# Does anyone have a fish style handle tutorial?



## mlau (Mar 26, 2016)

I just got my Heiji Chinese cleaver in the mail earlier in the week.
While I love the blade, the handle is driving me nuts.

Does anyone have a fish style handle tutorial?
Our king of cleavers (Andy777) seems to very highly regard these.


----------



## daveb (Mar 26, 2016)

Older thread on here encouraged folks to post pics of Fish handles. Limited google-fu from phone, should not be hard to find.

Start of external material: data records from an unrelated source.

lemma refl_prod_linear_fixed_zero:
  assumes "distinct (map fst cbs)" "independent (fst ` set cbs)" "span (fst ` set cbs) = UNIV"
    and "refl_prod (linear_refls cbs) x = x"
  shows "x = 0"
proof -
  have "\<forall>cb \<in> set cbs. orthogonal x (fst cb)"
    using refl_prod_fixed_point[of "linear_refls cbs" x] assms
    by (simp add: orthogonal_def inner_commute image_image comp_def)
  then have "orthogonal x x"
    using orthogonal_to_span[of x "fst ` set cbs" x] assms(3) by auto
  then show ?thesis by (simp add: orthogonal_def)
qed

lemma range_diff_id_orthogonal_transformation:
  fixes L :: "'a::euclidean_space \<Rightarrow> 'a"
  assumes L: "orthogonal_transformation L"
  shows "(\<exists>z. L z - z = d) \<longleftrightarrow> (\<forall>f. L f = f \<longrightarrow> f \<bullet> d = 0)"
proof
  assume "\<exists>z. L z - z = d"
  then obtain z where z: "L z - z = d" ..
  have "f \<bullet> d = 0" if "L f = f" for f
  proof -
    have "f \<bullet> L z = f \<bullet> z"
      using L that by (metis orthogonal_transformation_def)
    then show ?thesis by (simp add: z[symmetric] inner_diff_right)
  qed
  then show "\<forall>f. L f = f \<longrightarrow> f \<bullet> d = 0" by blast
next
  assume fixed_perp: "\<forall>f. L f = f \<longrightarrow> f \<bullet> d = 0"
  let ?R = "range (\<lambda>z. L z - z)"
  have lin: "linear (\<lambda>z. L z - z)"
    using L by (simp add: orthogonal_transformation_linear linear_compose_sub linear_id[unfolded id_def])
  then have span_R: "span ?R = ?R"
    by (simp add: real_vector.linear_subspace_image)
  obtain s q where s: "s \<in> span ?R" and q: "\<And>x. x \<in> span ?R \<Longrightarrow> orthogonal q x"
    and d: "d = s + q"
    using orthogonal_subspace_decomp_exists[of ?R d] by blast
  have "q \<bullet> (L q - q) = 0"
    using q[of "L q - q"] by (simp add: span_base orthogonal_def)
  then have "(L q - q) \<bullet> (L q - q) = 0"
    using L by (simp add: orthogonal_transformation_def inner_diff_left inner_diff_right inner_commute)
  then have "q \<bullet> d = 0"
    using fixed_perp by simp
  moreover have "q \<bullet> s = 0"
    using q[OF s] by (simp add: orthogonal_def)
  ultimately have "q = 0"
    by (simp add: d inner_add_right)
  then show "\<exists>z. L z - z = d"
    using s span_R d by auto
qed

Not an exhaustive thread but it's the only one like it anywhere (that I'm aware of)


----------



## Dave Martell (Mar 26, 2016)

daveb said:


> Older thread on here encouraged folks to post pics of Fish handles. Limited google-fu from phone, should not be hard to find.
> 
> Not an exhaustive thread but it's the only one like it anywhere (that I'm aware of)




Here's the thread...

http://www.kitchenknifeforums.com/s...inal-Rehandle-King?p=7555&viewfull=1#post7555


It's not a tutorial (doubt that exists) but it's at least we have examples of the man's work.


----------



## mlau (Apr 2, 2016)

Seems like a standard (but extremely well executed) western handle.

On a side note, Heiji has offered to reshape the handle.

Does anyone have the width/thickness of a Sugimoto handle?


----------